What Graduates Have Said
For tabulations of recent exit questionnaires, showing the overall evaluation of the course, see here.
“Jarrett Walker’s two day transit network design class explores the intricacy of designing transit networks, touching on elements ranging from maximizing the utility of a strained, underfunded bus system to planning high capacity bus and rail lines. This is the kind of modern design that transit agencies should be using to attract new ridership.” – Mike Cechvala
“The actual design of the games was fascinating and would be a very useful exercise for any transit system to employ in a variety of situations.” — Christopher MacKechnie, publictransport.about.com
“One of the most useful and practical transit planning courses I’ve come across, and thoroughly enjoyable too.” – Stuart Johns, Queensland Dept. of Transport and Main Roads (Australia)
Future Sessions
For updates on future sessions of the course, please join our courses email list: http://eepurl.com/bt6gQL.
We’ll never send you email about anything but course announcements!
How Do I Arrange a Session?
The course can happen two ways:
- Sponsorship by an organization. Any organization can hire us to run a course for them, at their location. The organization then decides who attends. The course can be just for that organization’s staff, or they can choose to open it to others. For example, the course has been sponsored by public transit authorities, institutes, foundations, and universities (see “track record” below). Please contact Jarrett directly if your organization is interested.

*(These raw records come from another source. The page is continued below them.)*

(* Let $1/2<H<1$, let $Z$ be a continuous fractional Brownian motion with Hurst parameter $H$, let $\alpha>0$, $a_t:=H\mathrm{e}^{\alpha t/H}/\alpha$, and $Y^{(\alpha)}_t:=\int_0^t\mathrm{e}^{-\alpha s}\,dZ_{a_s}$ (pathwise Riemann–Stieltjes integral), $t\ge0$. Then for $t_2>t_1\ge0$ and $s_2>s_1\ge0$, $$\mathbf{E}\Big(\big(Y^{(\alpha)}_{t_2}-Y^{(\alpha)}_{t_1}\big)\big(Y^{(\alpha)}_{s_2}-Y^{(\alpha)}_{s_1}\big)\Big)=C(\alpha,H)\int_{t_1}^{t_2}\int_{s_1}^{s_2}\frac{\mathrm{e}^{-\alpha(1-H)(u-v)/H}}{|1-\mathrm{e}^{-\alpha(u-v)/H}|^{2(1-H)}}\,dv\,du,$$ where $C(\alpha,H):=H(2H-1)(\alpha/H)^{2(1-H)}$. Moreover the kernel $$r_{\alpha,H}(u,v):=C(\alpha,H)\frac{\mathrm{e}^{-\alpha(1-H)(u-v)/H}}{|1-\mathrm{e}^{-\alpha(u-v)/H}|^{2(1-H)}}$$ is symmetric: $r_{\alpha,H}(u,v)=r_{\alpha,H}(v,u)$ for all $u,v\in\mathbf{R}$.
   Context: A fractional Brownian motion with Hurst parameter $H$ is a centered Gaussian process on $[0,\infty)$ with covariance $\frac12(t^{2H}+s^{2H}-|t-s|^{2H})$. *)

theory Defs
  imports "HOL-Probability.Probability"
begin

definition rs_tagged_partition :: "real \<Rightarrow> real \<Rightarrow> real list \<Rightarrow> real list \<Rightarrow> bool" where
  "rs_tagged_partition a b xs ts \<longleftrightarrow>
     length xs \<ge> 2 \<and> sorted xs \<and> hd xs = a \<and> last xs = b \<and>
     length ts = length xs - 1 \<and>
     (\<forall>i < length ts. xs ! i \<le> ts ! i \<and> ts ! i \<le> xs ! (Suc i))"

definition rs_mesh_less :: "real list \<Rightarrow> real \<Rightarrow> bool" where
  "rs_mesh_less xs d \<longleftrightarrow> (\<forall>i. Suc i < length xs \<longrightarrow> xs ! (Suc i) - xs ! i < d)"

definition rs_sum :: "(real \<Rightarrow> real) \<Rightarrow> (real \<Rightarrow> real) \<Rightarrow> real list \<Rightarrow> real list \<Rightarrow> real" where
  "rs_sum f g xs ts = (\<Sum>i < length ts. f (ts ! i) * (g (xs ! Suc i) - g (xs ! i)))"

definition has_rs_integral :: "(real \<Rightarrow> real) \<Rightarrow> (real \<Rightarrow> real) \<Rightarrow> real \<Rightarrow> real \<Rightarrow> real \<Rightarrow> bool" where
  "has_rs_integral f g a b I \<longleftrightarrow>
     (\<forall>e > 0. \<exists>d > 0. \<forall>xs ts. rs_tagged_partition a b xs ts \<and> rs_mesh_less xs d
        \<longrightarrow> \<bar>rs_sum f g xs ts - I\<bar> < e)"

definition rs_integral :: "(real \<Rightarrow> real) \<Rightarrow> (real \<Rightarrow> real) \<Rightarrow> real \<Rightarrow> real \<Rightarrow> real" where
  "rs_integral f g a b = (THE I. has_rs_integral f g a b I)"

definition centered_gaussian_rv :: "'a measure \<Rightarrow> ('a \<Rightarrow> real) \<Rightarrow> real \<Rightarrow> bool" where
  "centered_gaussian_rv M X v \<longleftrightarrow>
     (if v = 0 then (AE \<omega> in M. X \<omega> = 0)
      else v > 0 \<and> distributed M lborel X (normal_density 0 (sqrt v)))"

definition continuous_fbm :: "'a measure \<Rightarrow> real \<Rightarrow> (real \<Rightarrow> 'a \<Rightarrow> real) \<Rightarrow> bool" where
  "continuous_fbm M H Z \<longleftrightarrow>
     prob_space M \<and>
     (\<forall>t \<ge> 0. Z t \<in> borel_measurable M) \<and>
     (\<forall>(ts :: real list) (cs :: real list). length ts = length cs \<and> (\<forall>t \<in> set ts. t \<ge> 0) \<longrightarrow>
        (\<exists>v. centered_gaussian_rv M (\<lambda>\<omega>. \<Sum>i < length ts. cs ! i * Z (ts ! i) \<omega>) v)) \<and>
     (\<forall>t s. t \<ge> 0 \<longrightarrow> s \<ge> 0 \<longrightarrow>
        integral\<^sup>L M (\<lambda>\<omega>. Z t \<omega> * Z s \<omega>)
          = (t powr (2*H) + s powr (2*H) - \<bar>t - s\<bar> powr (2*H)) / 2) \<and>
     (\<forall>\<omega> \<in> space M. continuous_on {0..} (\<lambda>t. Z t \<omega>))"

definition fbm_time_change :: "real \<Rightarrow> real \<Rightarrow> real \<Rightarrow> real" where
  "fbm_time_change \<alpha> H t = H * exp (\<alpha> * t / H) / \<alpha>"

definition Y_alpha :: "real \<Rightarrow> real \<Rightarrow> (real \<Rightarrow> 'a \<Rightarrow> real) \<Rightarrow> real \<Rightarrow> 'a \<Rightarrow> real" where
  "Y_alpha \<alpha> H Z t \<omega> = rs_integral (\<lambda>s. exp (- \<alpha> * s)) (\<lambda>s. Z (fbm_time_change \<alpha> H s) \<omega>) 0 t"

definition C_alpha_H :: "real \<Rightarrow> real \<Rightarrow> real" where
  "C_alpha_H \<alpha> H = H * (2*H - 1) * (\<alpha> / H) powr (2 * (1 - H))"

definition r_kernel :: "real \<Rightarrow> real \<Rightarrow> real \<Rightarrow> real \<Rightarrow> real" where
  "r_kernel \<alpha> H u v = C_alpha_H \<alpha> H *
     (exp (- \<alpha> * (1 - H) * (u - v) / H) / \<bar>1 - exp (- \<alpha> * (u - v) / H)\<bar> powr (2 * (1 - H)))"

end

theory Submission
  imports Defs
begin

- Sponsorship by us. We sometimes arrange a session ourselves, charging admission to attendees. These courses are usually held in one of our home cities: Portland, Oregon or Washington DC. Tuition for these course is typically in the range of US $600-1000, depending on course length and which of our instructors is teaching. Please contact [email protected] to let us know if you or a group of people are interested, and if you can assemble a critical mass we can look into planning a session around you. Also be sure to add your name to the mailing list above.
The Track Record
In 2022 we are relaunching the course after a seven-year hiatus. Prior to that, our successful course offerings included the following:
- Auckland, NZ. 2015, internal session for Auckland Transport and City of Auckland staff, with MRCagney consulting
- Portland in 2014 (Jarrett Walker + Associates offering with assistance from TriMet)

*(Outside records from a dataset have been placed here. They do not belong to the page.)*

(* Let $m\ge2$, $q\ge 2$ be integers, let $\Omega$ be a nonempty closed subset of $\Sigma_m$ and $\mu$ a Borel probability measure on $\Omega$. Let $\mathbb{P}_\mu$ be the Borel probability measure on $\Sigma_m$ (supported on $X_\Omega$) determined on cylinders by $$\mathbb{P}_\mu[u] := \prod_{i\le |u|,\ q\nmid i} \mu[u|J_i],$$ and let $$s(\Omega,\mu) := (q-1)^2\sum_{k=1}^\infty \frac{H_m^\mu(\alpha_k)}{q^{k+1}}.$$ Then for $\mathbb{P}_\mu$-a.e. $x\in X_\Omega$, $$\lim_{n\to\infty}\frac{-\log_m \mathbb{P}_\mu[x_1^n]}{n} = s(\Omega,\mu).$$ Consequently $\dim_H(\mathbb{P}_\mu)=s(\Omega,\mu)$ and $\dim_H(X_\Omega)\ge s(\Omega,\mu)$.
   Context: $\Sigma_m=\{0,\dots,m-1\}^{\mathbb N}$ with metric $\varrho((x_k),(y_k)) = m^{-\min\{n:\ x_n\ne y_n\}+1}$. $X_\Omega := \{x\in\Sigma_m:\ (x_{iq^\ell})_{\ell\ge0}\in\Omega \text{ for all } i\ge1,\ q\nmid i\}$. For a finite word $u$, $[u]$ is the cylinder of sequences beginning with $u$; $x_1^n=x_1\cdots x_n$. For $q\nmid i$, $J_i=\{q^r i\}_{r\ge 0}$, and for a word $u$ of length $|u|\ge i$, $u|J_i = u_iu_{qi}\cdots u_{q^ri}$ where $q^ri\le|u|<q^{r+1}i$. $\alpha_k=\{\Omega\cap[u]:\ u\in\{0,\dots,m-1\}^k,\ \Omega\cap[u]\ne\emptyset\}$, and $H_m^\mu(\alpha)=-\sum_{C\in\alpha}\mu(C)\log_m\mu(C)$. The Hausdorff dimension of a measure is $\dim_H(\mathbb{P})=\inf\{\dim_H F:\ F \text{ Borel},\ \mathbb{P}(F)=1\}$. *)

theory Defs
  imports "HOL-Probability.Probability"
begin

text \<open>Points of the full shift are sequences indexed from 1: x_1, x_2, ...
  Represented as functions nat => nat with the dummy value x 0 = 0.
  Finite words u = u_1 ... u_k are lists, u_j = u ! (j - 1).\<close>

definition Sigma_sh :: "nat \<Rightarrow> (nat \<Rightarrow> nat) set" where
  "Sigma_sh m = {x. x 0 = 0 \<and> (\<forall>n. x n < m)}"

- Vancouver 2014, two internal sessions for TransLink (transit agency) and municipal staffs.
- Toronto 2014 two internal sessions for Metrolinx staff.
- Toronto 2014, sponsored by Canadian Urban Transit Association (CUTA).
- Brisbane 2014, public offering through MRCagney consulting.
- Melbourne 2014, public offering through MRCagney consulting.
- New York 2014, co-sponsored by the Transit Center.
- Wellington, NZ. Internal session of New Zealand Transport Agency staff in Dec 2013.
- Portland, 2013 (Jarrett Walker + Associates offering)
- Washington DC, January 2013, co-sponsored by Transportation Demand Management Institute (TDMI).
- Canberra, Australia 2012 Two sessions of course for transport and land use planning staff across the territorial (city) government.
- Sydney 2012. Course for transport and land use professionals, Institute for Sustainable Futures at the University of Technology Sydney.
- Victoria, British Columbia, 2011. Two-day session for internal BC Transit staff, mostly not transit planners but in adjacent fields including operations and marketing.
- Seattle. 2011 One-day session for internal Sound Transit staff, in planning and related fields.
- Vancouver 2011, internal courses for TransLink (transit agency) and bus operations staffs.
- Surrey, British Columbia 2011. Simon Fraser University City Program. Two-day session for the public.
- Halifax 2011. Licensed Professional Planners Association of Nova Scotia, in association with Halifax Regional Municipality and Dalhousie University. One-day session for municipal planning staffs in June 2011.